Safeguarding Sunday has become a regular feature on the calendar of the Archdiocese of Dublin.
The idea is to ensure that parishes and communities are acutely aware that the safeguarding of children and vulnerable adults was not a single moment or piece of work that was undertaken in reaction to sickening abuse reports, but the permanent work of the Church.
The aim is to promote the highest standards, and to remind everyone involved in the Church that safeguarding is a standard practice for us all, that it is part of the culture of our Church here in Ireland.
In recent decades, thousands and thousands of parishioners have volunteered to undertake stringent safeguarding training and are now part of a wide network of volunteers ensuring that parishes and Church activities are safe. In every Church setting in Ireland, almost the first thing that one sees on entering is the safeguarding policy with contact details for those who should be notified if there is a concern. Almost every parish bulletin and website in the country has similar details.

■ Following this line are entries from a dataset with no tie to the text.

lemma abs_inv_phi_defect_le:
  assumes "k < n - 2"
  shows "\<bar>inv_phi_defect (Suc k)\<bar> \<le> (\<bar>inv_phi_defect (Suc (Suc k))\<bar> + \<bar>\<delta>\<bar>) / \<bar>phi\<bar>"
proof -
  have "phi * inv_phi_defect (Suc k) = inv_phi_defect (Suc (Suc k)) - \<delta> * v (Suc k)"
    using inv_phi_defect_step[of "Suc k"] assms by simp
  then have "\<bar>phi\<bar> * \<bar>inv_phi_defect (Suc k)\<bar> \<le> \<bar>inv_phi_defect (Suc (Suc k))\<bar> + \<bar>\<delta>\<bar> * \<bar>v (Suc k)\<bar>"
    by (metis abs_mult abs_triangle_ineq4)
  also have "\<dots> \<le> \<bar>inv_phi_defect (Suc (Suc k))\<bar> + \<bar>\<delta>\<bar>"
    using abs_entry_le_1[of "Suc k"] assms by (simp add: mult_left_le)
  finally show ?thesis
    using phi_gt_1 by (simp add: pos_le_divide_eq mult.commute)
qed

lemma abs_first_entry_le:
  assumes "\<bar>\<delta>\<bar> \<le> \<bar>phi - eps\<bar> / 2"
  shows "\<bar>phi - eps\<bar> / 2 * \<bar>v 0\<bar> \<le> 2 * (1 / \<bar>phi\<bar>) ^ (n - 2) + \<bar>\<delta>\<bar> / (\<bar>phi\<bar> - 1)"
proof -
  have last: "\<bar>inv_phi_defect (n - 1)\<bar> \<le> 2"
  proof -
    have "\<bar>inv_phi_defect (n - 1)\<bar> \<le> \<bar>v (n - 1)\<bar> + \<bar>v (n - 2)\<bar> / \<bar>phi\<bar>"
      unfolding inv_phi_defect_def diff_diff_left one_add_one
      by (metis abs_divide abs_triangle_ineq4)
    also have "\<dots> \<le> 1 + 1"
      using abs_entry_le_1[of "n - 1"] abs_entry_le_1[of "n - 2"] n_ge_2 phi_gt_1
      by (intro add_mono) (auto simp: divide_le_eq_1)
    finally show ?thesis by simp
  qed
  have "Suc (n - 2) = n - 1"
    using n_ge_2 by simp
  then have "\<bar>inv_phi_defect 1\<bar> \<le> \<bar>inv_phi_defect (n - 1)\<bar> / \<bar>phi\<bar> ^ (n - 2) + \<bar>\<delta>\<bar> / (\<bar>phi\<bar> - 1)"
    using backward_contraction_bound[of "\<bar>phi\<bar>" "\<bar>\<delta>\<bar>" "n - 2" "\<lambda>k. inv_phi_defect (Suc k)"]
      abs_inv_phi_defect_le phi_gt_1 by simp
  also have "\<dots> \<le> 2 * (1 / \<bar>phi\<bar>) ^ (n - 2) + \<bar>\<delta>\<bar> / (\<bar>phi\<bar> - 1)"
    using last by (simp add: power_one_over divide_right_mono)
  also have "inv_phi_defect 1 = (phi - eps + \<delta>) * v 0"
    using first_row by (simp add: inv_phi_defect_def algebra_simps)
  finally have "\<bar>phi - eps + \<delta>\<bar> * \<bar>v 0\<bar> \<le> 2 * (1 / \<bar>phi\<bar>) ^ (n - 2) + \<bar>\<delta>\<bar> / (\<bar>phi\<bar> - 1)"
    by (simp add: abs_mult)
  moreover have "\<bar>phi - eps\<bar> / 2 \<le> \<bar>phi - eps + \<delta>\<bar>"
    using assms abs_triangle_ineq4[of "phi - eps + \<delta>" "\<delta>"] by (simp only: add_diff_cancel_right') argo
  ultimately show ?thesis
    by (meson abs_ge_zero mult_right_mono order_trans)
qed

lemma phi_defect_sum_sq_le:
  defines "K \<equiv> \<bar>phi\<bar> / (\<bar>phi\<bar> - 1)"
  shows "(\<Sum>k<n - 1. (phi_defect (Suc k))\<^sup>2) \<le> K * ((phi_defect 1)\<^sup>2 + K * \<delta>\<^sup>2)"
proof -
  have K: "K > 0"
    using phi_gt_1 by (simp add: K_def)
  have "{..n - 2} = {..<n - 1}"
    using n_ge_2 by auto
  then have "(\<Sum>k<n - 1. (phi_defect (Suc k))\<^sup>2)
      \<le> K * ((phi_defect 1)\<^sup>2 + K * (\<Sum>k<n - 2. (\<delta> * v (Suc k))\<^sup>2))"
    using contractive_recurrence_sum_sq[OF phi_gt_1, of "n - 2" "\<lambda>k. phi_defect (Suc k)"]
      phi_defect_step by (simp add: K_def)
  also have "(\<Sum>k<n - 2. (\<delta> * v (Suc k))\<^sup>2) \<le> \<delta>\<^sup>2"
  proof -
    have "(\<Sum>k<n - 2. (v (Suc k))\<^sup>2) \<le> (v 0)\<^sup>2 + (\<Sum>k<n - 1. (v (Suc k))\<^sup>2)"
      by (intro add_increasing sum_mono2) auto
    also have "\<dots> = 1"
      using unit_sum_sq n_ge_2 sum.lessThan_Suc_shift[of "\<lambda>i. (v i)\<^sup>2" "n - 1"] by simp
    finally show ?thesis
      by (simp add: power_mult_distrib sum_distrib_left[symmetric] mult_left_le)
  qed
  finally show ?thesis
    using K by (simp add: mult_left_mono)
qed
(* Let $L>0$, $D>0$, $\alpha\in[0,1]$, $\tau_{\rm acc}>0$, $\tau_{\rm m}>0$, $h_{\rm m}>0$, $\bar h_{\rm acc}>0$, and let $\tau_{\rm mix}$, $\bar h_{\rm mix}$, $\bar\rho$, $\bar v$ and $c_1,c_2,c_3,c_4$ be as defined in the context (with $\bar\rho,\bar v>0$). Consider, for $x\in[0,D]$, $t\ge0$, the open-loop system (i.e. with $\tilde h_{\rm acc}\equiv 0$) $$\tilde z_t(x,t)+\bar v\,\tilde z_x(x,t)=0,\qquad \tilde v_t(x,t)-c_4\tilde v_x(x,t)=-c_1e^{-\frac{c_2x}{\bar v}}\tilde z(x,t),$$ $$\tilde z(0,t)=-L\frac{\bar\rho^2}{\bar v}\tilde v(0,t),\qquad \tilde v_t(D,t)=-c_1e^{-\frac{c_2D}{\bar v}}\tilde z(D,t).$$ This system is exponentially unstable: there exist a real number $\sigma>0$ and a nontrivial pair of functions $(\phi,\psi)$ on $[0,D]$ such that $\tilde z(x,t)=e^{\sigma t}\phi(x)$, $\tilde v(x,t)=e^{\sigma t}\psi(x)$ is a solution.
   Context: Definitions: $\tau_{\rm mix}=\left(\frac{\alpha}{\tau_{\rm acc}}+\frac{1-\alpha}{\tau_{\rm m}}\right)^{-1}$; $\bar h_{\rm mix}=\frac{\alpha+(1-\alpha)\frac{\tau_{\rm acc}}{\tau_{\rm m}}}{\alpha+(1-\alpha)\frac{\tau_{\rm acc}}{\tau_{\rm m}}\frac{\bar h_{\rm acc}}{h_{\rm m}}}\bar h_{\rm acc}$. Given a constant inflow $q_{\rm in}>0$ with $q_{\rm in}\bar h_{\rm mix}<1$, the equilibrium values are $\bar v=\frac{L}{\frac{1}{q_{\rm in}}-\bar h_{\rm mix}}$ and $\bar\rho=\frac{q_{\rm in}}{\bar v}$, so that $\bar v=q_{\rm in}/\bar\rho$ and $\frac1{\bar\rho}-L=\bar h_{\rm mix}\bar v$. Constants: $c_1=\frac{1}{\bar\rho^2\tau_{\rm mix}\bar h_{\rm mix}}$, $c_2=\frac{1}{\tau_{\rm mix}}$, $c_3=\frac{\alpha}{\tau_{\rm acc}\bar h_{\rm acc}^2}\left(\frac1{\bar\rho}-L\right)$, $c_4=\frac{L}{\bar h_{\rm mix}}$. (This system is the diagonalized linearization, around a uniform congested equilibrium, of an Aw–Rascle–Zhang-type traffic model in which $\tilde h_{\rm acc}$ is the deviation of the time-gap of ACC-equipped vehicles; $\tilde z=e^{c_2x/\bar v}(\tilde\rho+\bar h_{\rm mix}\bar\rho^2\tilde v)$.) *)

theory Defs
  imports "HOL-Analysis.Analysis"
begin

definition tau_mix :: "real \<Rightarrow> real \<Rightarrow> real \<Rightarrow> real" where
  "tau_mix \<alpha> \<tau>acc \<tau>m = inverse (\<alpha> / \<tau>acc + (1 - \<alpha>) / \<tau>m)"

definition h_mix :: "real \<Rightarrow> real \<Rightarrow> real \<Rightarrow> real \<Rightarrow> real \<Rightarrow> real" where
  "h_mix \<alpha> \<tau>acc \<tau>m hm hacc =
     (\<alpha> + (1 - \<alpha>) * (\<tau>acc / \<tau>m)) /
     (\<alpha> + (1 - \<alpha>) * (\<tau>acc / \<tau>m) * (hacc / hm)) * hacc"

definition v_bar :: "real \<Rightarrow> real \<Rightarrow> real \<Rightarrow> real" where
  "v_bar L qin hmix = L / (1 / qin - hmix)"

definition rho_bar :: "real \<Rightarrow> real \<Rightarrow> real" where
  "rho_bar qin vbar = qin / vbar"

definition c1 :: "real \<Rightarrow> real \<Rightarrow> real \<Rightarrow> real" where
  "c1 rho taumix hmix = 1 / (rho ^ 2 * taumix * hmix)"

definition c2 :: "real \<Rightarrow> real" where
  "c2 taumix = 1 / taumix"

definition c3 :: "real \<Rightarrow> real \<Rightarrow> real \<Rightarrow> real \<Rightarrow> real \<Rightarrow> real" where
  "c3 \<alpha> \<tau>acc hacc rho L = \<alpha> / (\<tau>acc * hacc ^ 2) * (1 / rho - L)"

definition c4 :: "real \<Rightarrow> real \<Rightarrow> real" where
  "c4 L hmix = L / hmix"

end

theory Submission
  imports Defs "HOL-Real_Asymp.Real_Asymp"
begin

(* The transport equation
   forces phi(x) = exp (-sigma x / vb), so psi solves a first-order linear ODE whose source decays
   like exp (-k x) with k = (c2 + sigma) / vb; its solutions are a particular exponential plus
   C exp (sigma x / c4). Combined with the ODE at x = D, the boundary condition at D says
   psi'(D) = 0, which fixes C, and the boundary condition at 0 becomes a scalar characteristic
   equation chi(sigma) = 1. As sigma tends to 0 from the right, chi(sigma) tends to infinity
   (C blows up like 1 / sigma), while chi(sigma) <= L rb^2 c1 / (vb sigma); the intermediate
   value theorem gives a root sigma > 0. *)

lemma convex_combination_pos:
  fixes a x y :: real
  assumes "0 \<le> a" "a \<le> 1" "0 < x" "0 < y"
  shows "0 < a * x + (1 - a) * y"
proof -
  have "a * min x y + (1 - a) * min x y \<le> a * x + (1 - a) * y"
    using assms by (intro add_mono mult_left_mono) auto
  thus ?thesis using assms by (simp add: algebra_simps)
qed

lemma tau_mix_pos:
  assumes "0 \<le> \<alpha>" "\<alpha> \<le> 1" "0 < \<tau>acc" "0 < \<tau>m"
  shows "0 < tau_mix \<alpha> \<tau>acc \<tau>m"
  using convex_combination_pos[of \<alpha> "1 / \<tau>acc" "1 / \<tau>m"] assms
  by (simp add: tau_mix_def)

lemma h_mix_pos:
  assumes "0 \<le> \<alpha>" "\<alpha> \<le> 1" "0 < \<tau>acc" "0 < \<tau>m" "0 < hm" "0 < hacc"
  shows "0 < h_mix \<alpha> \<tau>acc \<tau>m hm hacc"
  using convex_combination_pos[of \<alpha> 1 "\<tau>acc / \<tau>m"]
    convex_combination_pos[of \<alpha> 1 "\<tau>acc / \<tau>m * (hacc / hm)"] assms
  by (simp add: h_mix_def mult.assoc)

lemma v_bar_pos:
  assumes "0 < L" "0 < qin" "qin * h < 1"
  shows "0 < v_bar L qin h"
  using assms by (simp add: v_bar_def field_simps)

lemma continuous_blowup_at_right_attains:
  fixes g :: "real \<Rightarrow> real"
  assumes "continuous_on {a<..b} g" "filterlim g at_top (at_right a)" "a < b" "g b \<le> y"
  shows "\<exists>s\<in>{a<..b}. g s = y"
proof -
  have "\<forall>\<^sub>F x in at_right a. y \<le> g x"
    using assms(2) by (simp add: filterlim_at_top)
  moreover have "\<forall>\<^sub>F x in at_right a. x < b"
    using assms(3) by (auto simp: eventually_at_right_field)
  ultimately have "\<forall>\<^sub>F x in at_right a. a < x \<and> x < b \<and> y \<le> g x"
    using eventually_at_right_less by eventually_elim auto
  then obtain x where x: "a < x" "x < b" "y \<le> g x"
    using eventually_happens'[OF trivial_limit_at_right_real] by blast
  have "continuous_on {x..b} g"
    using assms(1) by (rule continuous_on_subset) (use x in auto)
  then obtain s where "x \<le> s" "s \<le> b" "g s = y"
    using IVT2'[of g b y x] x assms(4) by auto
  thus ?thesis using x by auto
qed

(* The characteristic function chi: for the mode normalised by phi(0) = 1 it equals
   -(L rb^2 / vb) psi(0), with P = L rb^2 c1 / vb. *)
definition mode_characteristic :: "real \<Rightarrow> real \<Rightarrow> real \<Rightarrow> real \<Rightarrow> real \<Rightarrow> real \<Rightarrow> real" where
  "mode_characteristic P c2' c4' vb D \<sigma> =
     P / (\<sigma> + c4' * ((c2' + \<sigma>) / vb)) *
     (1 + c4' * ((c2' + \<sigma>) / vb) / \<sigma> * exp (- ((c2' + \<sigma>) / vb) * D - \<sigma> * D / c4'))"

lemma mode_characteristic_le:
  assumes "0 \<le> P" "0 \<le> c2'" "0 < c4'" "0 < vb" "0 \<le> D" "0 < \<sigma>"
  shows "mode_characteristic P c2' c4' vb D \<sigma> \<le> P / \<sigma>"
proof -
  define k where "k = (c2' + \<sigma>) / vb"
  have k: "0 < k" using assms by (simp add: k_def)
  have den: "0 < \<sigma> + c4' * k" using assms k by (simp add: add_pos_pos)
  have "0 \<le> k * D" "0 \<le> \<sigma> * D / c4'"
    using assms k by simp_all
  hence "exp (- k * D - \<sigma> * D / c4') \<le> 1"
    by simp
  hence "c4' * k / \<sigma> * exp (- k * D - \<sigma> * D / c4') \<le> c4' * k / \<sigma>"
    by (rule mult_left_le) (use assms k in simp)
  hence "1 + c4' * k / \<sigma> * exp (- k * D - \<sigma> * D / c4') \<le> (\<sigma> + c4' * k) / \<sigma>"
    using assms by (simp add: add_divide_distrib)
  hence "mode_characteristic P c2' c4' vb D \<sigma> \<le> P / (\<sigma> + c4' * k) * ((\<sigma> + c4' * k) / \<sigma>)"
    unfolding mode_characteristic_def k_def[symmetric] using assms k
    by (intro mult_left_mono) simp_all
  also have "\<dots> = P / \<sigma>"
    using assms den by simp
  finally show ?thesis .
qed

lemma continuous_on_mode_characteristic:
  assumes "0 \<le> c2'" "0 < c4'" "0 < vb"
  shows "continuous_on {0<..} (mode_characteristic P c2' c4' vb D)"
proof -
  have "0 < \<sigma> + c4' * ((c2' + \<sigma>) / vb)" if "0 < \<sigma>" for \<sigma>
    using assms that by (simp add: add_pos_nonneg)
  thus ?thesis
    unfolding mode_characteristic_def
    by (intro continuous_intros) (use assms in \<open>auto simp: less_imp_neq[symmetric]\<close>)
qed

lemma mode_characteristic_at_right_0:
  assumes "0 < P" "0 < c2'" "0 < c4'" "0 < vb" "0 < D"
  shows "filterlim (mode_characteristic P c2' c4' vb D) at_top (at_right 0)"
  unfolding mode_characteristic_def using assms by real_asymp

lemma mode_characteristic_eq_1:
  assumes "0 < P" "0 < c2'" "0 < c4'" "0 < vb" "0 < D"
  shows "\<exists>\<sigma>>0. mode_characteristic P c2' c4' vb D \<sigma> = 1"
proof -
  have "mode_characteristic P c2' c4' vb D (2 * P) \<le> 1"
    using mode_characteristic_le[of P c2' c4' vb D "2 * P"] assms by simp
  moreover have "continuous_on {0<..2 * P} (mode_characteristic P c2' c4' vb D)"
    by (rule continuous_on_subset[OF continuous_on_mode_characteristic]) (use assms in auto)
  ultimately obtain \<sigma> where "\<sigma> \<in> {0<..2 * P}" "mode_characteristic P c2' c4' vb D \<sigma> = 1"
    using continuous_blowup_at_right_attains mode_characteristic_at_right_0 assms
    by (metis mult_pos_pos zero_less_numeral)
  thus ?thesis by auto
qed

lemma exp_forced_linear_ode_solution:
  fixes \<sigma> c4' k c C :: real
  assumes "c4' \<noteq> 0" "\<sigma> + c4' * k \<noteq> 0"
  defines "B \<equiv> - c / (\<sigma> + c4' * k)"
  defines "\<psi> \<equiv> \<lambda>x. B * exp (- k * x) + C * exp (\<sigma> * x / c4')"
    and "\<psi>' \<equiv> \<lambda>x. - k * B * exp (- k * x) + \<sigma> / c4' * C * exp (\<sigma> * x / c4')"
  shows "(\<psi> has_real_derivative \<psi>' x) (at x)"
    and "\<sigma> * \<psi> x - c4' * \<psi>' x = - c * exp (- k * x)"
proof -
  show "(\<psi> has_real_derivative \<psi>' x) (at x)"
    unfolding \<psi>_def \<psi>'_def using assms(1) by (auto intro!: derivative_eq_intros)
  have "\<sigma> * \<psi> x - c4' * \<psi>' x = (\<sigma> + c4' * k) * B * exp (- k * x)"
    using assms(1) by (simp add: \<psi>_def \<psi>'_def field_simps)
  also have "\<dots> = - c * exp (- k * x)"
    using assms(2) by (simp add: B_def)
  finally show "\<sigma> * \<psi> x - c4' * \<psi>' x = - c * exp (- k * x)" .
qed

lemma exp_mode_time_derivative:
  "((\<lambda>s. exp (\<sigma> * s) * a) has_real_derivative \<sigma> * (exp (\<sigma> * t) * a)) (at t within S)"
  by (auto intro!: derivative_eq_intros)

lemma open_loop_mode_profiles:
  fixes L D rb vb c1' c2' c4' :: real
  assumes "0 < L" "0 < D" "0 < rb" "0 < vb" "0 < c1'" "0 < c2'" "0 < c4'"
  obtains \<sigma> \<phi> \<phi>' \<psi> \<psi>' where "0 < \<sigma>" "\<phi> 0 \<noteq> 0"
    "\<And>x. (\<phi> has_real_derivative \<phi>' x) (at x)" "\<And>x. (\<psi> has_real_derivative \<psi>' x) (at x)"
    "\<And>x. \<sigma> * \<phi> x + vb * \<phi>' x = 0"
    "\<And>x. \<sigma> * \<psi> x - c4' * \<psi>' x = - c1' * exp (- c2' * x / vb) * \<phi> x"
    "\<phi> 0 = - L * rb ^ 2 / vb * \<psi> 0" "\<psi>' D = 0"
proof -
  obtain \<sigma> where "0 < \<sigma>" and char: "mode_characteristic (L * rb ^ 2 / vb * c1') c2' c4' vb D \<sigma> = 1"
    using mode_characteristic_eq_1[of "L * rb ^ 2 / vb * c1'" c2' c4' vb D] assms by auto
  define k where "k = (c2' + \<sigma>) / vb"
  define B where "B = - c1' / (\<sigma> + c4' * k)"
  define C where "C = c4' * k / \<sigma> * B * exp (- k * D - \<sigma> * D / c4')"
  define \<phi> where "\<phi> = (\<lambda>x::real. exp (- \<sigma> * x / vb))"
  define \<psi> where "\<psi> = (\<lambda>x. B * exp (- k * x) + C * exp (\<sigma> * x / c4'))"
  define \<psi>' where "\<psi>' = (\<lambda>x. - k * B * exp (- k * x) + \<sigma> / c4' * C * exp (\<sigma> * x / c4'))"
  have "0 < k" using \<open>0 < \<sigma>\<close> assms by (simp add: k_def)
  hence den: "0 < \<sigma> + c4' * k" using \<open>0 < \<sigma>\<close> assms by (simp add: add_pos_pos)
  have "(\<phi> has_real_derivative - \<sigma> / vb * \<phi> x) (at x)" for x
    unfolding \<phi>_def using assms by (auto intro!: derivative_eq_intros)
  moreover have "\<sigma> * \<phi> x + vb * (- \<sigma> / vb * \<phi> x) = 0" for x
    using assms by simp
  moreover have "(\<psi> has_real_derivative \<psi>' x) (at x)" for x
    using exp_forced_linear_ode_solution(1)[where c = c1'] den assms
    by (simp add: \<psi>_def \<psi>'_def B_def)
  moreover have "\<sigma> * \<psi> x - c4' * \<psi>' x = - c1' * exp (- c2' * x / vb) * \<phi> x" for x
  proof -
    have "exp (- c2' * x / vb) * \<phi> x = exp (- k * x)"
      unfolding \<phi>_def k_def using assms by (simp flip: exp_add) (simp add: field_simps)
    thus ?thesis
      using exp_forced_linear_ode_solution(2)[where c = c1'] den assms
      by (simp add: \<psi>_def \<psi>'_def B_def)
  qed
  moreover have "\<psi>' D = 0"
    using \<open>0 < \<sigma>\<close> assms by (simp add: \<psi>'_def C_def mult.assoc flip: exp_add)
  moreover have "\<phi> 0 = - L * rb ^ 2 / vb * \<psi> 0"
  proof -
    have "\<psi> 0 = B * (1 + c4' * k / \<sigma> * exp (- k * D - \<sigma> * D / c4'))"
      by (simp add: \<psi>_def C_def algebra_simps)
    hence "- L * rb ^ 2 / vb * \<psi> 0 = mode_characteristic (L * rb ^ 2 / vb * c1') c2' c4' vb D \<sigma>"
      by (simp add: B_def mode_characteristic_def flip: k_def)
    thus ?thesis
      using char by (simp add: \<phi>_def)
  qed
  moreover have "\<phi> 0 \<noteq> 0"
    by (simp add: \<phi>_def)
  ultimately show ?thesis
    using that[of \<sigma> \<phi> "\<lambda>x. - \<sigma> / vb * \<phi> x" \<psi> \<psi>'] \<open>0 < \<sigma>\<close> by blast
qed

To say that the old culture has changed in the Catholic Church in Ireland would be an understatement. Supervised by the independent National Board for Safeguarding Children in the Catholic Church in Ireland (NBSCCCI), the handling of allegations or concerns of abuse today would be unrecognisable even 20 years ago.
Above all, the victims and survivors who came forward to speak of their experiences deserve immense credit for this. If they had not held the Church’s feet to the fire, the culture may not have changed. Those parishioners and priests and religious who stepped forward to take on this mammoth task also deserve great credit.
They have truly been part of a cultural revolution in Irish Catholicism away from denial and cover-up to acceptance and accountability. It truly was an exercise in synodality and co-responsibility before these were everyday concepts in the universal Church.
It is disappointing therefore, for these people, that in his homily for Safeguarding Sunday Archbishop Dermot Farrell chose not to mention the huge cultural shift, or to pay tribute to the sterling work that has been, and is being, done.
It is understandable, perhaps, that in the light of the recent Scoping Inquiry he may feel that the time is not right. Yet, any fair assessment of where the Church is at now will acknowledge that the culture revealed in that inquiry is a different one from today, thanks to herculean efforts by laity and priests.
While Archbishop Farrell clearly wants to demonstrate that he ‘gets’ the abuse crisis, the headlines generated by his homily such as ‘No Church reform until abuse crisis addressed’ gives the wrong impression that nothing has been done to address the crisis.
At one stage, the archbishop describes reactions to the inquiry: “while some are filled with anger, others close their ears, or dismiss it, or explain it away, or blame the extensive coverage on hostility towards the Church, there is a thread of denial and disengagement in many of these responses”.
This was certainly the case for a very long time, but, in the experience of this newspaper, that has not been the case for a very long time. Who is he referring to?
The archbishop’s contention that there can be no reform in the Church until abuse is “fully addressed” is almost exactly what the Irish Synodal Delegation told the Continental Assembly in Prague in February 2023.
Where does that leave the Archdiocese’s own ambitious ‘Building Hope’ reform programme?
The truth is, the work of addressing the abuse crisis goes hand-in-hand with reform. The Gospel cannot be held in stasis while the episcopal and religious leaderships try and extricate their institutions from a moral, legal and financial quagmire. Outreach to victims and survivors goes on, and yes the quiet work of building faith, hope and love goes on, ‘for those who look only to the past or the present are certain to miss the future.’
It would be a pity if Catholics got the wrong impression from the archbishop’s unrounded remarks, as it is disheartening indeed to the thousands of ordinary Catholics who have worked for the very culture change that is before our eyes. Instead of just a homily from the Pro-Cathedral, where there is no dialogue, maybe the Archbishop would host listening sessions in parishes, openly engaging with the church and all its people. Maybe a Diocesan Pastoral Council will open up that discussion.